Modified: zc.zopeorgkeyupload/branches/dev/setup.py
===================================================================
--- zc.zopeorgkeyupload/branches/dev/setup.py	2011-10-11 19:24:39 UTC (rev 123056)
+++ zc.zopeorgkeyupload/branches/dev/setup.py	2011-10-11 21:02:53 UTC (rev 123057)
@@ -18,7 +18,7 @@
 
 entry_points = """
 [zope.publisher.publication_factory]
-default = zc.zopeorgkeyupload:Publication
+default = zc.zopeorgkeyupload.upload:Publication
 
 [console_scripts]
 mvkey = zc.zopeorgkeyupload.mvkey:main

Modified: zc.zopeorgkeyupload/branches/dev/src/zc/zopeorgkeyupload/__init__.py
===================================================================
--- zc.zopeorgkeyupload/branches/dev/src/zc/zopeorgkeyupload/__init__.py	2011-10-11 19:24:39 UTC (rev 123056)
+++ zc.zopeorgkeyupload/branches/dev/src/zc/zopeorgkeyupload/__init__.py	2011-10-11 21:02:53 UTC (rev 123057)
@@ -1,130 +1 @@
-import ldap
-import os
-import pwd
-import re
-import zope.app.security.basicauthadapter
-import zope.component
-import zope.publisher.http
-import zope.security.interfaces
-
-zope.component.provideAdapter(zope.publisher.http.HTTPCharsets)
-
-v1re = re.compile(r'\d+ \d+ \d+').match
-command = r'command="/usr/local/bin/scm $SSH_ORIGINAL_COMMAND" '
-
-class Publication:
-
-    def __init__(self, global_config, host, port, base, keydir):
-        self.host, self.port = host, int(port)
-        self.base, self.keydir = base, keydir
-        self.tmp = os.path.join(keydir, '.tmp')
-        
-    def beforeTraversal(self, request):
-        pass
-
-    def getApplication(self, request):
-        return self
-    
-    def callTraversalHooks(self, request, ob):
-        pass
-
-    def traverseName(self, request, ob, name):
-        return self
-
-    def afterTraversal(self, request, ob):
-        pass
-
-    def callObject(self, request, ob):
-        cred = zope.app.security.basicauthadapter.BasicAuthAdapter(request)

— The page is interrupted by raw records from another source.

(* Let $X$ be a topological space and let $G\subset \mathrm{Hom}(X)$ be a group of homeomorphisms of $X$ (acting effectively) such that the topology of pointwise convergence $\tau_p$ is an admissible group topology on $G$; $G$ carries $\tau_p$. Let $\mathcal U_X$ be an equiuniformity on $X$ for the action of $G$. Let $\mathcal U$ be the uniformity on $G$ whose base consists of the coverings $$\{U_{x_1,\dots,x_n;g;\mathrm U}\mid g\in G\},\qquad U_{x_1,\dots,x_n;g;\mathrm U}=\{h\in G\mid (g(x_k),h(x_k))\in \mathrm U,\ k=1,\dots,n\},$$ where $x_1,\dots,x_n\in X$, $n\in\mathbb N$, and $\mathrm U$ is an entourage of $\mathcal U_X$. Let $R_{\mathcal K}$ be the uniformity on $G$ whose base consists of the coverings $\{Og\,\mathrm{St}_{x_1,\dots,x_n}\mid g\in G\}$, where $O$ is a neighbourhood of the identity of $G$ and $x_1,\dots,x_n\in X$, $n\in\mathbb N$. For $x_1,\dots,x_n\in X$ and an entourage $\mathrm U\in\mathcal U_X$ put $O_{x_1,\dots,x_n;\mathrm U}=\{h\in G\mid (x_k,h(x_k))\in\mathrm U,\ (x_k,h^{-1}(x_k))\in\mathrm U,\ k=1,\dots,n\}$. Then: (1) $\mathcal U\subset R_{\mathcal K}$. (2) Suppose that for any points $x_1,\dots,x_n\in X$, $n\in\mathbb N$, and any entourage $\mathrm U\in\mathcal U_X$ there is an entourage $\mathrm V\in\mathcal U_X$ such that: whenever $g,h\in G$ satisfy $(g(x_k),h(x_k))\in\mathrm V$ for $k=1,\dots,n$, there exists $g'\in g\,\mathrm{St}_{x_1,\dots,x_n}$ with $h\in O_{x_1,\dots,x_n;\mathrm U}\,g'$. Then $\mathcal U=R_{\mathcal K}$.
   Context: The topology of pointwise convergence $\tau_p$ on $G$ has subbase the sets $[x,O]=\{f\in G\mid f(x)\in O\}$, $x\in X$, $O$ open in $X$. A group topology on $G$ is admissible if $G$ is a topological group in it and the action $G\times X\to X$ is continuous. $\mathrm{St}_{x_1,\dots,x_n}=\{g\in G\mid g(x_i)=x_i,\ i=1,\dots,n\}$. A uniformity $\mathcal U_X$ on $X$ (compatible with its topology) is an equiuniformity if every $g\in G$ is uniformly continuous and for every uniform covering $u$ there are a neighbourhood $O$ of the identity of $G$ and a uniform covering $v$ such that $\{OV\mid V\in v\}$ refines $u$. The uniformity $\mathcal U$ is the restriction to $G$, embedded in $X^X$ via $g\mapsto (g(x))_{x\in X}$, of the product uniformity of copies of $\mathcal U_X$. *)

theory Defs
  imports "HOL-Analysis.Analysis"
begin

text \<open>The space X is the whole type 'a; its topology and its (compatible)
uniformity U_X are those of the class uniform_space.\<close>

definition entourage :: "('a::uniform_space \<times> 'a) set \<Rightarrow> bool" where
  "entourage E \<longleftrightarrow> eventually (\<lambda>p. p \<in> E) uniformity"

definition uniform_cover :: "'a::uniform_space set set \<Rightarrow> bool" where
  "uniform_cover u \<longleftrightarrow> (\<exists>E. entourage E \<and> (\<forall>x. \<exists>C\<in>u. {y. (x, y) \<in> E} \<subseteq> C))"

definition ptop :: "('a::topological_space \<Rightarrow> 'a) set \<Rightarrow> ('a \<Rightarrow> 'a) topology" where
  "ptop G = subtopology (product_topology (\<lambda>_. euclidean) UNIV) G"
lemma delta_insert:
  assumes "graph V E" "finite A" "x \<notin> A"
  shows "delta m E (insert x A) = delta m E A + int m - int (card {a\<in>A. E x a})"
proof -
  have sym: "E y x" if "E x y" for x y using assms(1) that unfolding graph_def by blast
  have irrefl: "\<not> E x x" for x using assms(1) unfolding graph_def by blast
  define N where "N = (\<lambda>a. {x, a}) ` {a\<in>A. E x a}"
  have "edges E (insert x A) \<subseteq> edges E A \<union> N"
  proof
    fix e assume "e \<in> edges E (insert x A)"
    then obtain y z where e: "e = {y, z}" "y \<in> insert x A" "z \<in> insert x A" "E y z"
      unfolding edges_def by blast
    then consider "y = x" "z \<in> A" | "z = x" "y \<in> A" | "y \<in> A" "z \<in> A"
      using irrefl by blast
    then show "e \<in> edges E A \<union> N"
    proof cases
      case 2
      then have "e = {x, y}" "E x y" using e sym by auto
      then show ?thesis using 2 unfolding N_def by blast
    qed (use e in \<open>auto simp: N_def edges_def\<close>)
  qed
  moreover have "edges E A \<union> N \<subseteq> edges E (insert x A)"
    using edges_mono[of A "insert x A" E] unfolding N_def edges_def by blast
  ultimately have "edges E (insert x A) = edges E A \<union> N" by (rule subset_antisym)
  moreover have "edges E A \<inter> N = {}"
    unfolding N_def using edges_subset_Pow assms(3) by blast
  moreover have "card N = card {a\<in>A. E x a}"
    unfolding N_def using assms(3) by (intro card_image) (auto simp: inj_on_def doubleton_eq_iff)
  ultimately have "card (edges E (insert x A)) = card (edges E A) + card {a\<in>A. E x a}"
    using assms(2) by (simp add: card_Un_disjoint finite_edges N_def)
  then show ?thesis unfolding delta_def using assms by (simp add: algebra_simps)
qed

lemma delta_le_delta_insert:
  assumes "graph V E" "finite A" "x \<notin> A" "card {a\<in>A. E x a} \<le> m"
  shows "delta m E A \<le> delta m E (insert x A)"
  using delta_insert[OF assms(1-3), of m] assms(4) by simp

lemma delta_image:
  assumes "inj_on h A" "\<forall>x\<in>A. \<forall>y\<in>A. E' (h x) (h y) \<longleftrightarrow> E x y"
  shows "delta m E' (h ` A) = delta m E A"
proof -
  have "edges E' (h ` A) = (`) h ` edges E A"
  proof
    show "edges E' (h ` A) \<subseteq> (`) h ` edges E A"
    proof
      fix e assume "e \<in> edges E' (h ` A)"
      then obtain a b where "e = h ` {a, b}" "a \<in> A" "b \<in> A" "E a b"
        using assms(2) unfolding edges_def by auto
      then show "e \<in> (`) h ` edges E A" unfolding edges_def by blast
    qed
    show "(`) h ` edges E A \<subseteq> edges E' (h ` A)"
      using assms(2) unfolding edges_def by auto
  qed
  moreover have "inj_on ((`) h) (edges E A)"
    using inj_on_image_Pow[OF assms(1)] edges_subset_Pow by (rule inj_on_subset)
  ultimately show ?thesis
    unfolding delta_def using card_image[OF assms(1)] by (simp add: card_image)
qed

lemma delta_Int_le_two_point_extension:
  assumes F: "graph (insert p (insert q S)) F" "finite S" "p \<notin> S" "q \<notin> insert p S"
    and q: "card {a\<in>S. F q a} \<le> m" and p: "\<forall>a\<in>insert q S. F p a \<longrightarrow> a = q" and "1 \<le> m"
    and A: "A \<subseteq> insert p (insert q S)"
  shows "delta m F (A \<inter> S) \<le> delta m F A"
proof -
  define A0 where "A0 = A \<inter> S"
  define A1 where "A1 = A0 \<union> (A \<inter> {q})"
  have fin: "finite A0" "finite A1" unfolding A1_def A0_def using F(2) by auto
  have "delta m F A0 \<le> delta m F A1"
  proof (cases "q \<in> A")
    case True
    have "card {a\<in>A0. F q a} \<le> card {a\<in>S. F q a}"
      using F(2) unfolding A0_def by (intro card_mono) auto
    then have "card {a\<in>A0. F q a} \<le> m" using q by linarith
    then show ?thesis
      using delta_le_delta_insert[OF F(1) fin(1)] F(4) True unfolding A1_def A0_def by simp
  qed (simp add: A1_def)
  also have "\<dots> \<le> delta m F A"
  proof (cases "p \<in> A")
    case True
    have "{a\<in>A1. F p a} \<subseteq> {q}" unfolding A1_def A0_def using p by auto
    then have "card {a\<in>A1. F p a} \<le> card {q}" by (intro card_mono) auto
    then have "card {a\<in>A1. F p a} \<le> m" using \<open>1 \<le> m\<close> by simp
    moreover have "A = insert p A1" "p \<notin> A1"
      using A True F(3,4) unfolding A1_def A0_def by auto
    ultimately show ?thesis using delta_le_delta_insert[OF F(1) fin(2)] by simp
  next
    case False
    then have "A = A1" using A unfolding A1_def A0_def by auto
    then show ?thesis by simp
  qed
  finally show ?thesis unfolding A0_def .
qed

lemma graph_with_attached_edge:
  fixes enc :: "'a \<Rightarrow> nat"
  assumes E: "graph S E" and S: "finite S" "inj_on enc S" and N: "N \<subseteq> S" "card N = m" "1 \<le> m"
  obtains p q F where "p \<notin> enc ` S" "q \<notin> insert p (enc ` S)" "graph (insert p (insert q (enc ` S))) F"
    "\<forall>x\<in>S. \<forall>y\<in>S. F (enc x) (enc y) \<longleftrightarrow> E x y" "F p q" "\<forall>s\<in>S. \<not> F p (enc s)"
    "\<forall>s\<in>S. F q (enc s) \<longleftrightarrow> s \<in> N"
    "\<And>A. A \<subseteq> insert p (insert q (enc ` S)) \<Longrightarrow> delta m F (A \<inter> enc ` S) \<le> delta m F A"
proof -
  have fin: "finite (enc ` S)" using S(1) by simp
  obtain p where p: "p \<notin> enc ` S" using ex_new_if_finite[OF infinite_UNIV_nat fin] by blast
  obtain q where q: "q \<notin> insert p (enc ` S)"
    using ex_new_if_finite[OF infinite_UNIV_nat finite.insertI[OF fin]] by blast
  define F where "F x y \<longleftrightarrow> (\<exists>a\<in>S. \<exists>b\<in>S. x = enc a \<and> y = enc b \<and> E a b) \<or>
    (x = p \<and> y = q) \<or> (x = q \<and> y = p) \<or> (x = q \<and> y \<in> enc ` N) \<or> (y = q \<and> x \<in> enc ` N)" for x y
  have enc_N: "enc s \<in> enc ` N \<longleftrightarrow> s \<in> N" if "s \<in> S" for s
    using inj_on_image_mem_iff[OF S(2) that N(1)] .
  have E_sym: "E a b \<Longrightarrow> E b a" and E_irrefl: "\<not> E a a" for a b using E unfolding graph_def by blast+
  have graph_F: "graph (insert p (insert q (enc ` S))) F"
    unfolding graph_def
  proof (intro conjI allI impI notI)
    fix x y assume "F x y"
    then show "F y x" unfolding F_def using E_sym by blast
  next
    fix x assume "F x x"
    moreover have "\<not> (a \<in> S \<and> b \<in> S \<and> enc a = enc b \<and> E a b)" for a b
      using inj_onD[OF S(2)] E_irrefl by blast
    ultimately show False unfolding F_def using p q N(1) by blast
  qed
  have F_enc: "F (enc x) (enc y) \<longleftrightarrow> E x y" if "x \<in> S" "y \<in> S" for x y
  proof -
    have "enc x \<noteq> p" "enc x \<noteq> q" "enc y \<noteq> p" "enc y \<noteq> q" using that p q by auto
    moreover have "enc a = enc x \<Longrightarrow> a \<in> S \<Longrightarrow> a = x" "enc b = enc y \<Longrightarrow> b \<in> S \<Longrightarrow> b = y" for a b
      using inj_onD[OF S(2)] that by blast+
    ultimately show ?thesis unfolding F_def using that by auto
  qed
  have "{a\<in>enc ` S. F q a} = enc ` N" using p q N(1) unfolding F_def by auto
  then have "card {a\<in>enc ` S. F q a} \<le> m" using card_image[OF inj_on_subset[OF S(2) N(1)]] N(2) by simp
  moreover have p_nbrs: "\<forall>a\<in>insert q (enc ` S). F p a \<longrightarrow> a = q" using p q N(1) unfolding F_def by auto
  ultimately have "delta m F (A \<inter> enc ` S) \<le> delta m F A"
    if "A \<subseteq> insert p (insert q (enc ` S))" for A
    using delta_Int_le_two_point_extension[OF graph_F fin p q _ _ N(3) that] by blast
  moreover have "F p q" "\<forall>s\<in>S. \<not> F p (enc s)" "\<forall>s\<in>S. F q (enc s) \<longleftrightarrow> s \<in> N"
    using p q enc_N p_nbrs unfolding F_def by auto
  ultimately show thesis using that[OF p q graph_F] F_enc by blast
qed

-        login = cred.getLogin()
-        authorized = False
-        if login is not None:
-            c = ldap.open(self.host, self.port)
-            dn = "cn=%s,%s" % (login, self.base)
-            try:
-                c.bind_s(dn, cred.getPassword())
-                authorized = True
-                c.unbind()
-            except ldap.INVALID_CREDENTIALS:
-                pass
-
-        if not authorized:
-            cred.needLogin('ZopeCVSAdmin')
-            return ("You need to register with www.zope.org and log in\n"
-                    "here with your www.zope.org login and password.")
-
-        try:
-            pwd.getpwnam(login)
-        except KeyError:
-            return "You are not yet a contributor"
-
-        if 'key' not in request.form:
-            return key_form % ''
-            
-        key = request.form['key'].read(10000)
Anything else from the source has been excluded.